Posted by Dan (126.96.36.199) on July 03, 2012 at 16:50:43:
In Reply to: Is oxynitride a problem? posted by Les Szepesi on July 03, 2012 at 12:38:03:
: I know you don't like having nitride passivation on the SRA samples, but is oxynitride a problem? I'm designing some test structures for SRA, but I'm afraid there won't be adequate selectivity between the oxynitride and underlying oxides and we'd either break through to the silicon and possibly erode the silicon or we'd make the physical definition of the SRA boxes degraded as they will be defined by variations in oxide thickness.
First of all, thank you for designing SRA structures. We appreciate it when our clients incorporate structures we can use into their masks.

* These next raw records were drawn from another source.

definition compatible :: "'v bilat \<Rightarrow> ('a \<Rightarrow> 'v) \<Rightarrow> ('a \<Rightarrow> 'v) \<Rightarrow> bool" where
  "compatible L I J \<longleftrightarrow> (\<forall>A. I A \<noteq> bU L \<and> J A \<noteq> bU L \<longrightarrow> I A = J A)"

definition le_interp :: "'v bilat \<Rightarrow> ('a \<Rightarrow> 'v) \<Rightarrow> ('a \<Rightarrow> 'v) \<Rightarrow> bool" where
  "le_interp L I J \<longleftrightarrow> (\<forall>A. I A \<noteq> bU L \<longrightarrow> I A = J A)"

definition restrict :: "'v bilat \<Rightarrow> ('a \<Rightarrow> 'v) \<Rightarrow> 'a set \<Rightarrow> ('a \<Rightarrow> 'v)" where
  "restrict L I S = (\<lambda>A. if A \<in> S then I A else bU L)"

definition fequiv :: "'v bilat \<Rightarrow> ('a \<Rightarrow> 'v) \<Rightarrow> ('a, 't, 'v) form \<Rightarrow> 'v \<Rightarrow> bool" where
  "fequiv L I B \<alpha> \<longleftrightarrow> (\<forall>J. le_interp L I J \<longrightarrow> eval L J B = \<alpha>)"

definition T_R :: "'v bilat \<Rightarrow> ('a \<times> ('a, 't, 'v) form) set \<Rightarrow> ('a \<Rightarrow> 'v) \<Rightarrow> ('a \<Rightarrow> 'v)" where
  "T_R L R I = (\<lambda>A. if (\<exists>B \<alpha>. (A, B) \<in> R \<and> fequiv L I B \<alpha>)
                     then (THE \<alpha>. \<exists>B. (A, B) \<in> R \<and> fequiv L I B \<alpha>)
                     else bU L)"
definition maximal_degenerate :: "'a set \<Rightarrow> ('a \<Rightarrow> 'a \<Rightarrow> bool) \<Rightarrow> nat \<Rightarrow> bool" where
  "maximal_degenerate V E r \<longleftrightarrow> degenerate V E r \<and>
     (\<forall>x \<in> V. \<forall>y \<in> V. x \<noteq> y \<and> \<not> E x y \<longrightarrow> \<not> degenerate V (add_edge E x y) r)"

definition induced :: "('a \<Rightarrow> 'a \<Rightarrow> bool) \<Rightarrow> 'a set \<Rightarrow> ('a \<Rightarrow> 'a \<Rightarrow> bool)" where
  "induced E W = (\<lambda>a b. E a b \<and> a \<in> W \<and> b \<in> W)"

end

theory Submission imports Defs begin

text \<open>Let S be a k-conversion set and W = V - S. In any nonempty Y \<subseteq> W, the first vertex
  to be converted has at least k converted neighbours outside Y, so at most r inside Y:
  G[W] is r-degenerate. An r-degenerate graph on m vertices has at most
  \<Sum>i<m. min r i edges (= r m - r (r + 1) / 2 once m \<ge> r), with equality exactly for
  the maximal ones. Counting degrees in the (k + r)-regular graph G on both sides of the
  cut (S, W) gives (k + r) |S| - 2 e(S) = (k + r) |W| - 2 e(W), and hence
  2 k |S| - (k - r) n - r (r + 1) = 2 e(S) + 2 (r |W| - r (r + 1) / 2 - e(W)) \<ge> 0, with
  equality iff S is independent and G[W] is maximal r-degenerate. If |W| < r the bound
  is strict, since n \<ge> k + r + 1.\<close>

definition degree_sum :: "('a \<Rightarrow> 'a \<Rightarrow> bool) \<Rightarrow> 'a set \<Rightarrow> nat" where
  "degree_sum F X = (\<Sum>a\<in>X. card {b\<in>X. F a b})"

text \<open>In a degeneracy ordering the i-th vertex has at most min r i earlier neighbours.\<close>

definition max_degenerate_edges :: "nat \<Rightarrow> nat \<Rightarrow> nat" where
  "max_degenerate_edges r n = (\<Sum>i<n. min r i)"

lemma max_degenerate_edges_Suc:
  "max_degenerate_edges r (Suc n) = max_degenerate_edges r n + min r n"
  by (simp add: max_degenerate_edges_def)

lemma max_degenerate_edges_small: "n \<le> r \<Longrightarrow> 2 * max_degenerate_edges r n + n = n * n"
  by (induction n) (auto simp: max_degenerate_edges_Suc max_degenerate_edges_def)

lemma max_degenerate_edges_large:
  "r \<le> n \<Longrightarrow> 2 * max_degenerate_edges r n + r * (r + 1) = 2 * r * n"
proof (induction n)
  case (Suc n)
  show ?case
  proof (cases "r \<le> n")
    case True
    then show ?thesis using Suc by (simp add: max_degenerate_edges_Suc algebra_simps)
  next
    case False
    with Suc.prems have "r = Suc n" by simp
    with max_degenerate_edges_small[of n r] show ?thesis
      by (simp add: max_degenerate_edges_Suc algebra_simps)
  qed
qed (simp add: max_degenerate_edges_def)

lemma sum_card_filter_swap:
  assumes "finite A" "finite B" "\<And>a b. F a b \<Longrightarrow> F b a"
  shows "(\<Sum>a\<in>A. card {b\<in>B. F a b}) = (\<Sum>b\<in>B. card {a\<in>A. F b a})"
proof -
  have "(\<Sum>a\<in>A. card {b\<in>B. F a b}) = (\<Sum>b\<in>B. card {a\<in>A. F a b})"
    using sum.swap_restrict[OF assms(1,2), of "\<lambda>_ _. 1::nat" F] by simp
  also have "\<dots> = (\<Sum>b\<in>B. card {a\<in>A. F b a})"
    using assms(3) by (intro sum.cong refl arg_cong[where f=card]) blast
  finally show ?thesis .
qed

lemma sum_card_filter_Un:
  assumes "finite A" "finite B" "A \<inter> B = {}"
  shows "(\<Sum>x\<in>C. card {b\<in>A \<union> B. F x b})
    = (\<Sum>x\<in>C. card {b\<in>A. F x b}) + (\<Sum>x\<in>C. card {b\<in>B. F x b})"
proof -
  have "card {b\<in>A \<union> B. F x b} = card {b\<in>A. F x b} + card {b\<in>B. F x b}" for x
  proof -
    have "{b\<in>A \<union> B. F x b} = {b\<in>A. F x b} \<union> {b\<in>B. F x b}" by blast
    then show ?thesis using assms by (simp add: card_Un_disjoint disjoint_iff)
  qed
  then show ?thesis by (simp add: sum.distrib)
qed

lemma degree_sum_remove:
  assumes "finite X" "v \<in> X" "\<And>a b. F a b \<Longrightarrow> F b a" "\<not> F v v"
  shows "degree_sum F X = degree_sum F (X - {v}) + 2 * card {u\<in>X. F v u}"
proof -
  have X: "X = (X - {v}) \<union> {v}" using assms(2) by blast
  have "degree_sum F X = card {u\<in>X. F v u} + (\<Sum>a\<in>X - {v}. card {b\<in>X. F a b})"
    unfolding degree_sum_def using assms(1,2) by (simp add: sum.remove)
  also have "(\<Sum>a\<in>X - {v}. card {b\<in>X. F a b})
      = degree_sum F (X - {v}) + (\<Sum>a\<in>X - {v}. card {b\<in>{v}. F a b})"
  proof -
    have "(\<Sum>a\<in>X - {v}. card {b\<in>(X - {v}) \<union> {v}. F a b})
        = degree_sum F (X - {v}) + (\<Sum>a\<in>X - {v}. card {b\<in>{v}. F a b})"
      unfolding degree_sum_def using assms(1) by (intro sum_card_filter_Un) auto
    then show ?thesis by (simp only: flip: X)
  qed
  also have "(\<Sum>a\<in>X - {v}. card {b\<in>{v}. F a b}) = card {a\<in>X - {v}. F v a}"
    using sum_card_filter_swap[of "X - {v}" "{v}" F] assms(1,3) by simp
  also have "{a\<in>X - {v}. F v a} = {u\<in>X. F v u}"
    using assms(4) by blast
  finally show ?thesis by simp
qed

lemma degree_sum_add_edge:
  assumes "finite X" "x \<in> X" "y \<in> X" "x \<noteq> y" "\<not> F x y"
    and "\<And>a b. F a b \<Longrightarrow> F b a" "\<And>a. \<not> F a a"
  shows "degree_sum (add_edge F x y) X = degree_sum F X + 2"
proof -
  let ?G = "add_edge F x y"
  have "degree_sum ?G X = degree_sum ?G (X - {x}) + 2 * card {u\<in>X. ?G x u}"
    using assms by (intro degree_sum_remove) (auto simp: add_edge_def)
  also have "degree_sum ?G (X - {x}) = degree_sum F (X - {x})"
    unfolding degree_sum_def add_edge_def by (intro sum.cong refl arg_cong[where f=card]) auto
  also have "{u\<in>X. ?G x u} = insert y {u\<in>X. F x u}"
    using assms(3,4) unfolding add_edge_def by auto
  also have "card (insert y {u\<in>X. F x u}) = Suc (card {u\<in>X. F x u})"
    using assms(1,5) by simp
  also have "degree_sum F (X - {x}) + 2 * Suc (card {u\<in>X. F x u}) = degree_sum F X + 2"
    using degree_sum_remove[of X x F] assms by simp
  finally show ?thesis .
qed

lemma degenerate_subset: "degenerate X F r \<Longrightarrow> Y \<subseteq> X \<Longrightarrow> degenerate Y F r"
  unfolding degenerate_def by blast
(* Let $G$ be a graph without isolated vertices. There exists a GDDS $S$ of $G$ such that $|\widehat{S^1}|\ge|\widehat{S^2}|$; in particular $|\widehat{S^1}|\ge\gamma_{gr}^{\times2}(G)/2$.
   Context: Graphs are finite, simple, undirected; $N[v]$ closed neighborhood. A sequence $S=(v_1,\dots,v_k)$ of distinct vertices is a double neighborhood sequence if for each $i$ some $w\in N[v_i]$ satisfies $|\{j<i:w\in N[v_j]\}|\le1$; a double dominating sequence (DDS) if moreover its vertex set $D$ satisfies $|N[w]\cap D|\ge2$ for all $w$; a GDDS is a DDS of maximum length, and this length is $\gamma_{gr}^{\times2}(G)$. $\widehat S$ is the vertex set of $S$. $S^1$ is the subsequence of $S$ consisting of those $v_i$ with $N[v_i]\setminus\bigcup_{j<i}N[v_j]\neq\emptyset$, and $S^2$ is the subsequence of the remaining vertices. *)

theory Defs
  imports Main
begin

definition simple_graph :: "'a set \<Rightarrow> ('a \<Rightarrow> 'a \<Rightarrow> bool) \<Rightarrow> bool" where
  "simple_graph V E \<longleftrightarrow> finite V \<and> (\<forall>u v. E u v \<longrightarrow> u \<in> V \<and> v \<in> V)
     \<and> (\<forall>u v. E u v \<longrightarrow> E v u) \<and> (\<forall>v. \<not> E v v)"
lemma integral_std_normal_density_interval_pos:
  assumes "u < v"
  shows "0 < (\<integral>t. indicator {u<..v} t * std_normal_density t \<partial>lborel)"
proof -
  define B where "B = max \<bar>u\<bar> \<bar>v\<bar>"
  define c where "c = std_normal_density B"
  have "0 < c * (v - u)"
    using assms normal_density_pos[of 1] by (simp add: c_def)
  also have "c * (v - u) = (\<integral>t. indicator {u<..v} t * c \<partial>lborel)"
    using assms by simp
  also have "\<dots> \<le> (\<integral>t. indicator {u<..v} t * std_normal_density t \<partial>lborel)"
  proof (rule integral_mono)
    show "integrable lborel (\<lambda>t. indicator {u<..v} t * c)"
      using assms by (simp add: integrable_real_indicator)
    show "integrable lborel (\<lambda>t. indicator {u<..v} t * std_normal_density t)"
      by (simp add: integrable_indicator_std_normal_density)
    fix t
    show "indicator {u<..v} t * c \<le> indicator {u<..v} t * std_normal_density t"
    proof (cases "t \<in> {u<..v}")
      case True
      then have "\<bar>t\<bar> \<le> \<bar>B\<bar>"
        by (auto simp: B_def)
      then have "t\<^sup>2 \<le> B\<^sup>2"
        by (simp only: abs_le_square_iff)
      with True show ?thesis
        by (simp add: c_def std_normal_density_def divide_right_mono)
    qed simp
  qed
  finally show ?thesis .
qed

lemma std_normal_cdf_strict_mono: "strict_mono std_normal_cdf"
proof (rule strict_monoI)
  fix u v :: real
  assume "u < v"
  have "std_normal_cdf v = (\<integral>t. indicator {..u} t * std_normal_density t
                              + indicator {u<..v} t * std_normal_density t \<partial>lborel)"
    unfolding std_normal_cdf_eq_integral using \<open>u < v\<close>
    by (intro Bochner_Integration.integral_cong) (auto simp: indicator_def)
  also have "\<dots> = std_normal_cdf u + (\<integral>t. indicator {u<..v} t * std_normal_density t \<partial>lborel)"
    unfolding std_normal_cdf_eq_integral
    by (rule Bochner_Integration.integral_add) (auto intro: integrable_indicator_std_normal_density)
  finally show "std_normal_cdf u < std_normal_cdf v"
    using integral_std_normal_density_interval_pos[OF \<open>u < v\<close>] by simp
qed
lemma right_dec_of_factorization:
  assumes mon: "monomial_alg Q R" and n: "-1 \<le> n" "length vs = nat (n + 1)"
    and dec: "decomp Q p (rev vs @ [(w, [])])"
    and fac: "amb_factorization (contains_rel R) (map snd vs)"
  shows "right_dec Q R n p w vs"
proof -
  have wf: "wf_quiver Q"
    using wf_quiver_if_monomial_alg[OF mon] .
  have paths: "\<forall>v\<in>set vs. is_path Q v"
    using decomp_is_path[OF wf dec] by simp
  have "vs \<noteq> [] \<longrightarrow> length (snd (vs ! 0)) = 1"
    using fac by (cases vs) (auto simp: amb_factorization_def)
  moreover have "\<forall>v\<in>set vs. v \<in> Bset Q R"
    using fac paths in_I_iff[OF mon] by (auto simp: amb_factorization_def Bset_def)
  moreover have "in_I Q R (pcat (vs ! Suc i) (vs ! i)) \<and>
      (\<forall>q. prefix Q q (pcat (vs ! Suc i) (vs ! i)) \<and> q \<noteq> pcat (vs ! Suc i) (vs ! i)
         \<longrightarrow> \<not> in_I Q R q)" if i: "Suc i < length vs" for i
  proof
    define X where "X = pcat (vs ! Suc i) (vs ! i)"
    have X: "snd X = map snd vs ! i @ map snd vs ! Suc i"
      using i by (simp add: X_def pcat_def)
    have minimal: "\<forall>z < length (snd X). \<not> contains_rel R (take z (snd X))"
      using fac i unfolding X amb_factorization_def length_map by blast
    have "is_path Q X"
      unfolding X_def using is_path_pcat[OF wf] paths decomp_connected_rev[OF dec i] i by simp
    then show "in_I Q R X"
      using in_I_iff[OF mon] X fac i by (simp add: amb_factorization_def)
    show "\<forall>q. prefix Q q X \<and> q \<noteq> X \<longrightarrow> \<not> in_I Q R q"
      using not_in_I_proper_prefix[OF mon minimal] by blast
  qed
  ultimately show ?thesis
    unfolding right_dec_def using n dec by blast
qed
(* Let $P_0=(|P_0|,\preccurlyeq_0)$ be a finite poset with $|P_0|=\{x_1,\dots,x_{m_0}\}$ and let $S\subseteq|P_0|$ be a chain. Fix nonnegative integer values of $m_i$ for all $i$ with $x_i\notin S$. Then there are $2^{\mathrm{card}(S)}$ polynomials with rational coefficients in the variables $(m_i)_{x_i\in S}$, one for each assignment of parities to these variables, such that for every choice of nonnegative integers $(m_i)_{x_i\in S}$, $L_-(P_0;m_1,\dots,m_{m_0})$ equals the value of the polynomial corresponding to the parities of those $m_i$.
   Context: For nonnegative integers $m_1,\dots,m_{m_0}$ let $C_1,\dots,C_{m_0}$ be pairwise disjoint chains, $C_i$ being $x_{i,1}<\dots<x_{i,m_i}$. The lexicographic sum $P=P_0*(C_1,\dots,C_{m_0})$ is the poset on $\bigcup_i|C_i|$ with $x_{i,j}\preccurlyeq x_{i',j'}$ iff either $i\ne i'$ and $x_i\preccurlyeq_0x_{i'}$, or $i=i'$ and $j\le j'$. A linearization is a total order refining $\preccurlyeq$; relative to the reference ordering $x_{1,1},\dots,x_{1,m_1},x_{2,1},\dots,x_{m_0,m_{m_0}}$ of $|P|$, a linearization listing the elements as the reference ordering permuted by $\sigma$ is even or odd according to the parity of $\sigma$. $L_-(P_0;m_1,\dots,m_{m_0})$ is the number of even minus the number of odd linearizations of $P$. *)

theory Defs
  imports Complex_Main "HOL-Combinatorics.Permutations"
begin

text \<open>The base poset P0 has ground set {0..<n} (index i stands for x_(i+1)), with order
  relation le.  Chain C_i has elements (i,j), j < m i.\<close>

definition lex_less :: "(nat \<Rightarrow> nat \<Rightarrow> bool) \<Rightarrow> nat \<times> nat \<Rightarrow> nat \<times> nat \<Rightarrow> bool" where
  "lex_less le x y \<longleftrightarrow>
     (fst x \<noteq> fst y \<and> le (fst x) (fst y)) \<or> (fst x = fst y \<and> snd x < snd y)"

definition ref_list :: "nat \<Rightarrow> (nat \<Rightarrow> nat) \<Rightarrow> (nat \<times> nat) list" where
  "ref_list n m = concat (map (\<lambda>i. map (\<lambda>j. (i, j)) [0..<m i]) [0..<n])"

definition linearizations ::
  "(nat \<Rightarrow> nat \<Rightarrow> bool) \<Rightarrow> nat \<Rightarrow> (nat \<Rightarrow> nat) \<Rightarrow> (nat \<times> nat) list set" where
  "linearizations le n m = {ls. distinct ls \<and> set ls = set (ref_list n m) \<and>
     (\<forall>a b. a < b \<and> b < length ls \<longrightarrow> \<not> lex_less le (ls ! b) (ls ! a))}"

definition lin_perm :: "nat \<Rightarrow> (nat \<Rightarrow> nat) \<Rightarrow> (nat \<times> nat) list \<Rightarrow> nat \<Rightarrow> nat" where
  "lin_perm n m ls = (\<lambda>k. if k < length ls then (THE r. r < length (ref_list n m) \<and> ref_list n m ! r = ls ! k) else k)"

definition L_minus :: "(nat \<Rightarrow> nat \<Rightarrow> bool) \<Rightarrow> nat \<Rightarrow> (nat \<Rightarrow> nat) \<Rightarrow> int" where
  "L_minus le n m = (\<Sum>ls \<in> linearizations le n m. sign (lin_perm n m ls))"

definition poly_fun_on :: "nat set \<Rightarrow> ((nat \<Rightarrow> nat) \<Rightarrow> rat) \<Rightarrow> bool" where
  "poly_fun_on S f \<longleftrightarrow> (\<exists>(d::nat) (c :: (nat \<Rightarrow> nat) \<Rightarrow> rat). \<forall>m.
     f m = (\<Sum>e \<in> {e. (\<forall>i. i \<notin> S \<longrightarrow> e i = 0) \<and> (\<forall>i\<in>S. e i \<le> d)}.
              c e * (\<Prod>i\<in>S. of_nat (m i) ^ e i)))"

end

theory Submission
  imports Defs
begin

text \<open>The last element of a linearization of \<open>P\<close> is the top of a chain \<open>C\<^sub>i\<close> whose index \<open>x\<^sub>i\<close>
  is maximal among those with nonempty chains. Removing it gives the recursion
  \<open>L\<^sub>-(m) = \<Sum>\<^sub>i (-1)\<^bsup>\<Sum>\<^sub>j\<^sub>>\<^sub>i m\<^sub>j\<^esup> L\<^sub>-(m - e\<^sub>i)\<close>, the sign counting the elements of
  later chains the removed element passes in the reference ordering.

  Fix the values outside a subset \<open>T\<close> of the chain \<open>S\<close> and the parities inside it, and let \<open>s\<close> be
  the greatest element of \<open>T\<close>. If a nonempty chain outside \<open>T\<close> lies above \<open>x\<^sub>s\<close>, only chains
  outside \<open>T\<close> can come last, and the recursion lowers the total size of the chains outside \<open>T\<close>.
  Otherwise \<open>L\<^sub>-(m) = \<epsilon> L\<^sub>-(m - e\<^sub>s) + h(m)\<close>, where \<open>\<epsilon> = \<plusminus>1\<close> depends only on the fixed
  parities and \<open>h\<close> is polynomial by induction. Unrolling in \<open>m\<^sub>s\<close> sums \<open>h\<close> separately over
  the even and the odd values below \<open>m\<^sub>s\<close>; by Faulhaber's formula this is a polynomial once the
  parity of \<open>m\<^sub>s\<close> is fixed.\<close>

section \<open>The last-element recursion\<close>

lemma ref_list_Suc: "ref_list (Suc n) m = ref_list n m @ map (\<lambda>j. (n, j)) [0..<m n]"
  unfolding ref_list_def by simp

lemma ref_list_cong: "(\<And>i. i < n \<Longrightarrow> m i = m' i) \<Longrightarrow> ref_list n m = ref_list n m'"
  by (induction n) (auto simp: ref_list_Suc ref_list_def[of 0])

lemma set_ref_list: "set (ref_list n m) = {(i, j). i < n \<and> j < m i}"
  by (induction n) (auto simp: ref_list_Suc ref_list_def[of 0] less_Suc_eq)

lemma distinct_ref_list: "distinct (ref_list n m)"
  by (induction n) (auto simp: ref_list_Suc ref_list_def[of 0] set_ref_list distinct_map inj_on_def)

lemma L_minus_cong: "(\<And>i. i < n \<Longrightarrow> m i = m' i) \<Longrightarrow> L_minus le n m = L_minus le n m'"
  unfolding L_minus_def linearizations_def lin_perm_def using ref_list_cong[of n m m'] by presburger
(* First case: a third index c with S a c <> 0 fixes t = S a b * S a c / S b c. *)
lemma global_one_factor_triangle:
  assumes L: "locally_one_factor S p"
    and abc: "a < p" "b < p" "c < p" "distinct [a, b, c]" "S a b \<noteq> 0" "S a c \<noteq> 0"
  shows "\<exists>g. one_factor S {..<p} g"
proof -
  define t where "t = S a b * S a c / S b c"
  have sym: "\<And>x y. x < p \<Longrightarrow> y < p \<Longrightarrow> S x y = S y x"
    using locally_one_factor_symm[OF L] by blast
  have anchor: "(g a)\<^sup>2 = t" if g: "one_factor S {a, b, c, k} g" for g k
  proof -
    have "S a b = g a * g b" "S a c = g a * g c" "S b c = g b * g c"
      using g abc(4) unfolding one_factor_def by auto
    then show ?thesis using abc(5,6) by (auto simp: t_def power2_eq_square)
  qed
  have quad: "S i j * t = S i a * S j a"
    if k: "k < p" and ij: "i \<in> {a, b, c, k}" "j \<in> {a, b, c, k}" "distinct [i, j, a]" for i j k
  proof -
    obtain g where g: "one_factor S {a, b, c, k} g"
      using locally_one_factor_list[OF L, of "[a, b, c, k]"] abc k by auto
    show ?thesis using anchor[OF g] one_factor_square[OF g ij(1,2) _ ij(3)] by simp
  qed
  obtain g0 where g0: "one_factor S {a, b, c, a} g0"
    using locally_one_factor_list[OF L, of "[a, b, c, a]"] abc by auto
  have "g0 a * g0 b = S a b" using g0 abc(4) unfolding one_factor_def by auto
  then have "g0 a \<noteq> 0" using abc(5) by auto
  then have "(g0 a)\<^sup>2 > 0" by simp
  moreover have "(g0 a)\<^sup>2 < S a a" using g0 unfolding one_factor_def by simp
  ultimately have "t > 0" "t < S a a" using anchor[OF g0] by auto
  have prod: "S i j * t = S i a * S j a" if ij: "i < p" "j < p" "distinct [i, j, a]" for i j
  proof -
    consider "j \<in> {b, c}" | "i \<in> {b, c}" | "distinct [i, j, a, b]" using ij(3) abc(4) by auto
    then show ?thesis
    proof cases
      case 3
      (* A tetrad identity reduces to products involving at most one index outside a, b, c. *)
      have tet: "S i j * S a b = S i a * S j b"
        using locally_one_factor_tetrad[OF L, of i j a b] ij abc(1,2) 3 by simp
      have "S j b * t = S j a * S b a" using quad[of j j b] ij 3 by simp
      then have "(S i j * t) * S a b = (S i a * S j a) * S a b"
        using tet sym[of a b] abc(1,2) by (metis mult.assoc mult.commute)
      then show ?thesis using abc(5) by simp
    qed (use quad[of i i j] quad[of j i j] ij in auto)
  qed
  have dom: "(S i a)\<^sup>2 < S i i * t" if i: "i < p" "i \<noteq> a" for i
  proof -
    obtain g where g: "one_factor S {a, b, c, i} g"
      using locally_one_factor_list[OF L, of "[a, b, c, i]"] abc i by auto
    have "S i a = g i * g a" using g i unfolding one_factor_def by auto
    then have "(S i a)\<^sup>2 = (g i)\<^sup>2 * t" using anchor[OF g] by (simp add: power_mult_distrib)
    also have "\<dots> < S i i * t" using g \<open>t > 0\<close> by (simp add: one_factor_def)
    finally show ?thesis .
  qed
  show ?thesis
    using one_factor_anchor[of p S a t, OF sym[OF abc(1)] \<open>t > 0\<close> \<open>t < S a a\<close> prod dom] by blast
qed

I believe the problem would depend on the thickness and hardness of the oxynitride. Our main issue with passivation nitride is that it is usually thick - several microns thick in some cases. And since it is not easily susceptible to HF stripping we have no way of removing it. This means we have to bull our way through it while it is still on the sample. The hardness and the thickness of the material creates problems getting good clean cross section bevels. Especially when our depth of interest is a fraction of the nitride thickness.
I don't know how hard oxynitride is. We use tungsten carbide probes to make our measurements. If the oxynitride is harder than the probes it could blunt them and knock them out of calibration. I know some forms of oxynitride can form a ceramic layer. I imagine those forms would be too hard for us to leave on the samples for fear of damaging the probes.
If the oxynitride isn't too hard, you may be able to keep the oxynitride to a few tens of nanometers thick and we could bevel through it without stripping it. If it is an HF strippable material we could strip it when necessary. Unfortunately we do not have a plasma etcher.
I'm sorry I don't know more about oxynitride. If I learn anything useful I will append more to this thread.